Qwen3.5-4BxOpus-4.6-Code-Reasoning-Full-Distilled-GGUF

A distilled, code-focused variant of Qwen3.5 4B, optimized for efficient local inference in GGUF format. This model targets coding, structured reasoning, and programmatic generation tasks, with optional reasoning traces via thinking mode.


Overview

  • Distilled from Qwen3.5 (4B class)
  • Optimized for llama.cpp inference
  • Strong performance on code and reasoning tasks
  • Supports extended context (practical range: 32K–64K)
  • Compatible with Jinja chat templates
  • Optional thinking mode (may increase latency)

Model Files

  • Qwen3.5-4BxOpus-4.6-Code-Reasoning-Full-Distilled.Q4_K_M.gguf Quantized model (balanced size vs quality)

Example Usage

llama-cli -hf nphearum/Qwen3.5-4BxOpus-4.6-Code-Reasoning-Full-Distilled-GGUF --jinja

Running with llama.cpp

Ensure your build includes:

  • Flash Attention
  • Jinja/chat template support

Server Configuration (Optimized)

llama-server \
  -m Qwen3.5-4BxOpus-4.6-Code-Reasoning-Full-Distilled.Q4_K_M.gguf \
  --port 8001 \
  --alias qwen3.5-4b-opus \
  -c 65536 \
  -n 8192 \
  --no-context-shift \
  --temp 0.6 \
  --top-p 0.95 \
  --top-k 40 \
  --repeat-penalty 1.05 \
  --presence-penalty 0.0 \
  --flash-attn on \
  --fa on \
  --ctk q8_0 \
  --ctv q8_0 \
  --jinja \
  --chat-template-kwargs "{\"enable_thinking\": true}" \
  -ngl -1

Parameter Breakdown

Model Loading

  • -m Loads the GGUF model file

  • --alias Sets a simple API name


Context and Output

  • -c 65536 Context window (recommended for 4B models)

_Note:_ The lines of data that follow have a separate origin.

lemma graph_quotient_tendsto_iff:
  assumes deriv: "(g has_derivative G) (at xb)"
    and xs: "\<And>k. xs k \<noteq> xb" "xs \<longlonglongrightarrow> xb"
    and dir: "(\<lambda>k. (1 / norm (xs k - xb)) *\<^sub>R (xs k - xb)) \<longlonglongrightarrow> u"
    and ys: "\<And>k. ys k = g (xs k) - zs k"
  shows "(\<lambda>k. (1 / norm (xs k - xb)) *\<^sub>R (ys k - yb)) \<longlonglongrightarrow> 0 \<longleftrightarrow>
    (\<lambda>k. (1 / norm (xs k - xb)) *\<^sub>R (zs k - (g xb - yb))) \<longlonglongrightarrow> G u"
proof -
  define q where "q = (\<lambda>k. (1 / norm (xs k - xb)) *\<^sub>R (g (xs k) - g xb))"
  have q: "q \<longlonglongrightarrow> G u"
    unfolding q_def by (rule has_derivative_imp_seq_quotient_tendsto[OF deriv xs dir])
  have split: "(1 / norm (xs k - xb)) *\<^sub>R (ys k - yb) = q k - (1 / norm (xs k - xb)) *\<^sub>R (zs k - (g xb - yb))"
    and split': "(1 / norm (xs k - xb)) *\<^sub>R (zs k - (g xb - yb)) = q k - (1 / norm (xs k - xb)) *\<^sub>R (ys k - yb)" for k
    by (simp_all add: q_def ys algebra_simps)
  show ?thesis
  proof
    assume "(\<lambda>k. (1 / norm (xs k - xb)) *\<^sub>R (ys k - yb)) \<longlonglongrightarrow> 0"
    from tendsto_diff[OF q this] show "(\<lambda>k. (1 / norm (xs k - xb)) *\<^sub>R (zs k - (g xb - yb))) \<longlonglongrightarrow> G u"
      by (simp add: split')
  next
    assume "(\<lambda>k. (1 / norm (xs k - xb)) *\<^sub>R (zs k - (g xb - yb))) \<longlonglongrightarrow> G u"
    from tendsto_diff[OF q this] show "(\<lambda>k. (1 / norm (xs k - xb)) *\<^sub>R (ys k - yb)) \<longlonglongrightarrow> 0"
      by (simp add: split)
  qed
qed

definition sign_compatible :: "(nat \<Rightarrow> 'b::real_inner) \<Rightarrow> nat \<Rightarrow> 'b \<Rightarrow> 'b \<Rightarrow> bool" where
  "sign_compatible e m lam y \<longleftrightarrow>
    (\<forall>i<m. inner lam (e i) \<noteq> 0 \<longrightarrow> inner lam (e i) * inner y (e i) > 0)"

lemma coderiv_sequences_iff_normal_sequences:
  fixes g :: "'a::euclidean_space \<Rightarrow> 'b::euclidean_space"
  assumes deriv: "\<And>x. (g has_derivative blinfun_apply (g' x)) (at x)"
    and cont: "isCont g' xb"
    and Phi: "\<And>x. \<Phi> x = (\<lambda>d. g x - d) ` D"
    and adj: "adjoint (blinfun_apply (g' xb)) lam = 0"
  shows "(\<exists>xs ys lams \<eta>s.
           (\<forall>k. (xs k, ys k) \<in> gph \<Phi> \<and> xs k \<noteq> xb) \<and>
           xs \<longlonglongrightarrow> xb \<and> ys \<longlonglongrightarrow> yb \<and> lams \<longlonglongrightarrow> lam \<and> \<eta>s \<longlonglongrightarrow> 0 \<and>
           (\<lambda>k. (1 / norm (xs k - xb)) *\<^sub>R (xs k - xb)) \<longlonglongrightarrow> u \<and>
           (\<lambda>k. (1 / norm (xs k - xb)) *\<^sub>R (ys k - yb)) \<longlonglongrightarrow> 0 \<and>
           (\<forall>k. \<eta>s k \<in> rcoderiv \<Phi> (xs k) (ys k) (lams k)) \<and>
           (\<forall>k. sign_compatible e m lam (ys k - yb)))
    \<longleftrightarrow> (\<exists>xs zs lams.
           (\<forall>k. xs k \<noteq> xb \<and> zs k \<in> D) \<and>
           xs \<longlonglongrightarrow> xb \<and> zs \<longlonglongrightarrow> g xb - yb \<and> lams \<longlonglongrightarrow> lam \<and>
           (\<lambda>k. (1 / norm (xs k - xb)) *\<^sub>R (xs k - xb)) \<longlonglongrightarrow> u \<and>
           (\<lambda>k. (1 / norm (xs k - xb)) *\<^sub>R (zs k - (g xb - yb))) \<longlonglongrightarrow> g' xb u \<and>
           (\<forall>k. lams k \<in> rnormal D (zs k)) \<and>
           (\<forall>k. sign_compatible e m lam (g (xs k) - zs k - yb)))"
    (is "?coderiv \<longleftrightarrow> ?normal")
proof
  assume ?coderiv
  then obtain xs ys lams \<eta>s where xs: "\<And>k. xs k \<noteq> xb" "xs \<longlonglongrightarrow> xb" and ys: "ys \<longlonglongrightarrow> yb"
    and lams: "lams \<longlonglongrightarrow> lam"
    and dir: "(\<lambda>k. (1 / norm (xs k - xb)) *\<^sub>R (xs k - xb)) \<longlonglongrightarrow> u"
    and quot: "(\<lambda>k. (1 / norm (xs k - xb)) *\<^sub>R (ys k - yb)) \<longlonglongrightarrow> 0"
    and coderiv: "\<And>k. \<eta>s k \<in> rcoderiv \<Phi> (xs k) (ys k) (lams k)" and sign: "\<And>k. sign_compatible e m lam (ys k - yb)"
    by blast
  define zs where "zs = (\<lambda>k. g (xs k) - ys k)"
  have normal: "lams k \<in> rnormal D (zs k)" for k
    using coderiv[of k] rcoderiv_iff[OF deriv Phi] by (simp add: zs_def)
  have "(\<lambda>k. g (xs k)) \<longlonglongrightarrow> g xb"
    using deriv[of xb] has_derivative_continuous isCont_tendsto_compose xs(2) by blast
  then have "zs \<longlonglongrightarrow> g xb - yb"
    unfolding zs_def using ys by (rule tendsto_diff)
  moreover have "(\<lambda>k. (1 / norm (xs k - xb)) *\<^sub>R (zs k - (g xb - yb))) \<longlonglongrightarrow> g' xb u"
    using quot graph_quotient_tendsto_iff[OF deriv xs dir, of ys zs yb] by (simp add: zs_def)
  moreover have "zs k \<in> D" for k
    using normal[of k] by (simp add: rnormal_def)
  ultimately show ?normal
    using xs lams dir normal sign by (intro exI[of _ xs] exI[of _ zs] exI[of _ lams]) (simp add: zs_def)
next
  assume ?normal
  then obtain xs zs lams where xs: "\<And>k. xs k \<noteq> xb" "xs \<longlonglongrightarrow> xb" and zs: "zs \<longlonglongrightarrow> g xb - yb"
    and lams: "lams \<longlonglongrightarrow> lam" and dir: "(\<lambda>k. (1 / norm (xs k - xb)) *\<^sub>R (xs k - xb)) \<longlonglongrightarrow> u"
    and quot: "(\<lambda>k. (1 / norm (xs k - xb)) *\<^sub>R (zs k - (g xb - yb))) \<longlonglongrightarrow> g' xb u"
    and normal: "\<And>k. lams k \<in> rnormal D (zs k)" and sign: "\<And>k. sign_compatible e m lam (g (xs k) - zs k - yb)"
    by blast
  define ys where "ys = (\<lambda>k. g (xs k) - zs k)"
  define \<eta>s where "\<eta>s = (\<lambda>k. adjoint (blinfun_apply (g' (xs k))) (lams k))"
  have "(\<lambda>k. g (xs k)) \<longlonglongrightarrow> g xb"
    using deriv[of xb] has_derivative_continuous isCont_tendsto_compose xs(2) by blast
  from tendsto_diff[OF this zs] have "ys \<longlonglongrightarrow> yb"
    by (simp add: ys_def)
  moreover have "\<eta>s \<longlonglongrightarrow> 0"
    unfolding \<eta>s_def adj[symmetric] using cont xs(2)
    by (intro tendsto_adjoint_blinfun lams) (simp add: isCont_tendsto_compose)
  moreover have "(\<lambda>k. (1 / norm (xs k - xb)) *\<^sub>R (ys k - yb)) \<longlonglongrightarrow> 0"
    using quot graph_quotient_tendsto_iff[OF deriv xs dir, of ys zs yb] by (simp add: ys_def)
  moreover have "(xs k, ys k) \<in> gph \<Phi>" "\<eta>s k \<in> rcoderiv \<Phi> (xs k) (ys k) (lams k)" for k
    using normal[of k] by (simp_all add: ys_def \<eta>s_def rnormal_def mem_gph_iff[OF Phi] rcoderiv_iff[OF deriv Phi])
  ultimately show ?coderiv
    using xs lams dir sign by (intro exI[of _ xs] exI[of _ ys] exI[of _ lams] exI[of _ \<eta>s]) (simp add: ys_def)
qed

  • -n 8192 Maximum output tokens

  • --no-context-shift Prevents automatic truncation of earlier tokens


Sampling Behavior

  • --temp 0.6 Controls randomness

  • --top-p 0.95 Nucleus sampling

  • --top-k 40 Limits token candidates

  • --repeat-penalty 1.05 Reduces repetition (important for code)

  • --presence-penalty 0.0 No penalty for introducing new tokens


Performance and Memory

  • -ngl -1 Full GPU offload

  • --flash-attn on, --fa on Enables faster attention

  • --ctk q8_0, --ctv q8_0 8-bit KV cache (reduces memory usage)


Chat and Reasoning

  • --jinja Enables chat template rendering

  • --chat-template-kwargs Enables thinking mode

Note: Thinking mode may:

  • Improve reasoning quality
  • Increase latency
  • Produce unstable outputs if not aligned with training

Test Request

curl http://localhost:8001/v1/chat/completions \
  -H "Content-Type: application/json" \
  -d '{
    "messages": [
      {"role": "user", "content": "Write a Python function to reverse a linked list"}
    ]
  }'

Recommended Configurations

Coding (deterministic)

--temp 0.4 --top-p 0.9 --top-k 50 --repeat-penalty 1.1

Reasoning (balanced)

--temp 0.6 --top-p 0.95 --top-k 40

Low VRAM

-c 32768 -n 4096 --flash-attn off -ngl 20

Limitations

  • Quality degrades at extreme context lengths (>64K)
  • Thinking mode increases latency
  • Small models (4B) require tighter sampling tuning
  • Performance depends heavily on GPU memory bandwidth

License

Follow the original Qwen license and any additional distillation terms.


Credits

  • Base model: Qwen3.5
  • Distillation: Code and reasoning optimization
  • Runtime: llama.cpp ecosystem

Key Takeaway

This configuration is not a direct copy of larger models (e.g., 30B+). It is tuned specifically for a 4B model to balance:

  • latency
  • memory usage
  • reasoning quality